WHAT IS NEEDED
Find how many lines in this data contain the string "compact". Respond with only that number.

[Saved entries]
- - -

theorem lemma3p2:
  fixes N :: nat and p M :: real
  assumes "N \<ge> 3"
  shows "(M > 0 \<and> 1 < p \<and> p \<le> (real N + 2) / (real N - 2) \<longrightarrow>
            \<not> (\<exists>x y. closed_orbitS N p M x y \<and> (\<forall>t. x t \<ge> 0 \<and> y t \<ge> 0)))
       \<and> (p > (real N + 2) / (real N - 2) \<and> 0 < M \<and> M \<le> Mbar N p \<longrightarrow>
            \<not> (\<exists>x y. closed_orbitS N p M x y \<and> (\<forall>t. x t > 0 \<and> y t > 0)
                     \<and> surrounds (orbit_set x y) (PM N p M)))"
proof (intro conjI impI notI)
  assume "M > 0 \<and> 1 < p \<and> p \<le> (real N + 2) / (real N - 2)"
  then interpret subcritical N p M using assms by unfold_locales auto
  assume "\<exists>x y. closed_orbitS N p M x y \<and> (\<forall>t. x t \<ge> 0 \<and> y t \<ge> 0)"
  then show False using no_closed_orbitS_in_closed_quadrant by blast
next
  assume "p > (real N + 2) / (real N - 2) \<and> 0 < M \<and> M \<le> Mbar N p"
  then interpret supercritical N p M using assms by unfold_locales auto
  assume "\<exists>x y. closed_orbitS N p M x y \<and> (\<forall>t. x t > 0 \<and> y t > 0)
      \<and> surrounds (orbit_set x y) (PM N p M)"
  then show False using no_closed_orbitS_in_open_quadrant by blast
qed

end
theory Submission
  imports Defs
begin

text \<open>Induction along the sd-elimination order. If sd(u, v) \<le> d and G - v has a clean model
  of width at most d + 1, split the leaf of u into two children, one for u and one for v. With
  respect to the old pairs both children behave like their parent, so v starts out with exactly
  the adjacencies of u. It then suffices to add, at v's leaf, one pair towards u and one towards
  each of the at most d vertices adjacent to exactly one of u and v, coloured by the actual
  adjacency. These new pairs join leaves, so they cross nothing; the pair towards u is the new
  sibling pair, and only v's leaf gains pairs, at most d + 1 of them.\<close>

lemma anc_eq_iff: "anc_eq u u' \<longleftrightarrow> (\<exists>w. u' = u @ w)"
  by (auto simp: anc_eq_def anc_def)

lemma anc_eq_refl [simp]: "anc_eq u u"
  by (simp add: anc_eq_iff)

lemma anc_eq_trans: "anc_eq u v \<Longrightarrow> anc_eq v w \<Longrightarrow> anc_eq u w"
  by (auto simp: anc_eq_iff)

lemma anc_eq_antisym: "anc_eq u v \<Longrightarrow> anc_eq v u \<Longrightarrow> u = v"
  by (auto simp: anc_eq_iff)

lemma anc_eq_snoc: "anc_eq u (p @ [b]) \<longleftrightarrow> u = p @ [b] \<or> anc_eq u p"
  by (auto simp: anc_eq_iff append_eq_append_conv2 append_eq_Cons_conv Cons_eq_append_conv)

lemma pair_le_doubleton_iff:
  "pair_le {a, b} {a', b'} \<longleftrightarrow> anc_eq a a' \<and> anc_eq b b' \<or> anc_eq b a' \<and> anc_eq a b'"
  unfolding pair_le_def by (auto simp: doubleton_eq_iff)

lemma pair_le_refl: "pair_le {a, b} {a, b}"
  by (simp add: pair_le_doubleton_iff)
definition ergodic_probs :: "'a measure \<Rightarrow> ('a \<Rightarrow> 'a) \<Rightarrow> 'a measure set" where
  "ergodic_probs M T = {P. prob_space P \<and> sets P = sets M \<and>
      (\<forall>A\<in>sets M. measure P (T -` A \<inter> space M) = measure P A) \<and>
      (\<forall>A\<in>inv_sets M T. measure P A = 0 \<or> measure P A = 1)}"

definition cap_ae :: "'a measure \<Rightarrow> ('a set \<Rightarrow> real) \<Rightarrow> ('a \<Rightarrow> bool) \<Rightarrow> bool" where
  "cap_ae M V P \<longleftrightarrow> (\<exists>A\<in>sets M. V (space M - A) = 0 \<and> (\<forall>\<omega>\<in>A. P \<omega>))"

end

theory Submission
  imports Defs
begin

text \<open>If \<open>V\<close> is ergodic, a Krylov--Bogolyubov argument in the compact set of finitely
  additive set functions dominated by \<open>V\<close> produces a \<open>T\<close>-invariant element of the core. It is
  \<open>\<sigma>\<close>-additive, since \<open>V\<close> is continuous at the empty set (its set of priors is compact),
  so it is a probability \<open>Q\<close>, and \<open>Q\<close> is ergodic because it is dominated by \<open>V\<close>. By
  Birkhoff's ergodic theorem the averages of \<open>f\<close> converge on an invariant set \<open>C\<close> with
  \<open>Q C = 1\<close>; then \<open>V C > 0\<close>, so ergodicity of \<open>V\<close> makes the complement of \<open>C\<close>
  \<open>V\<close>-null. Two such \<open>Q\<close> agree because the averages of an indicator converge \<open>V\<close>-a.s.
  to both values, and two \<open>V\<close>-a.s. events intersect.

  Conversely, along the orbit of a point the averages of the indicator of an invariant set \<open>B\<close>
  are constant, so \<open>V\<close>-a.s. they equal \<open>Q B \<in> {0, 1}\<close>; this forces \<open>V B = 0\<close> or
  \<open>V (\<Omega> - B) = 0\<close>.\<close>

section \<open>Birkhoff sums and averages\<close>

definition birkhoff_sum :: "('a \<Rightarrow> 'a) \<Rightarrow> ('a \<Rightarrow> real) \<Rightarrow> nat \<Rightarrow> 'a \<Rightarrow> real" where
  "birkhoff_sum T f n x = (\<Sum>i<n. f ((T ^^ i) x))"

lemma birkhoff_sum_0 [simp]: "birkhoff_sum T f 0 x = 0"
  by (simp add: birkhoff_sum_def)

lemma birkhoff_sum_Suc: "birkhoff_sum T f (Suc n) x = f x + birkhoff_sum T f n (T x)"
  unfolding birkhoff_sum_def sum.lessThan_Suc_shift
  by (simp add: funpow_Suc_right del: funpow.simps)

- - -

ANSWER
2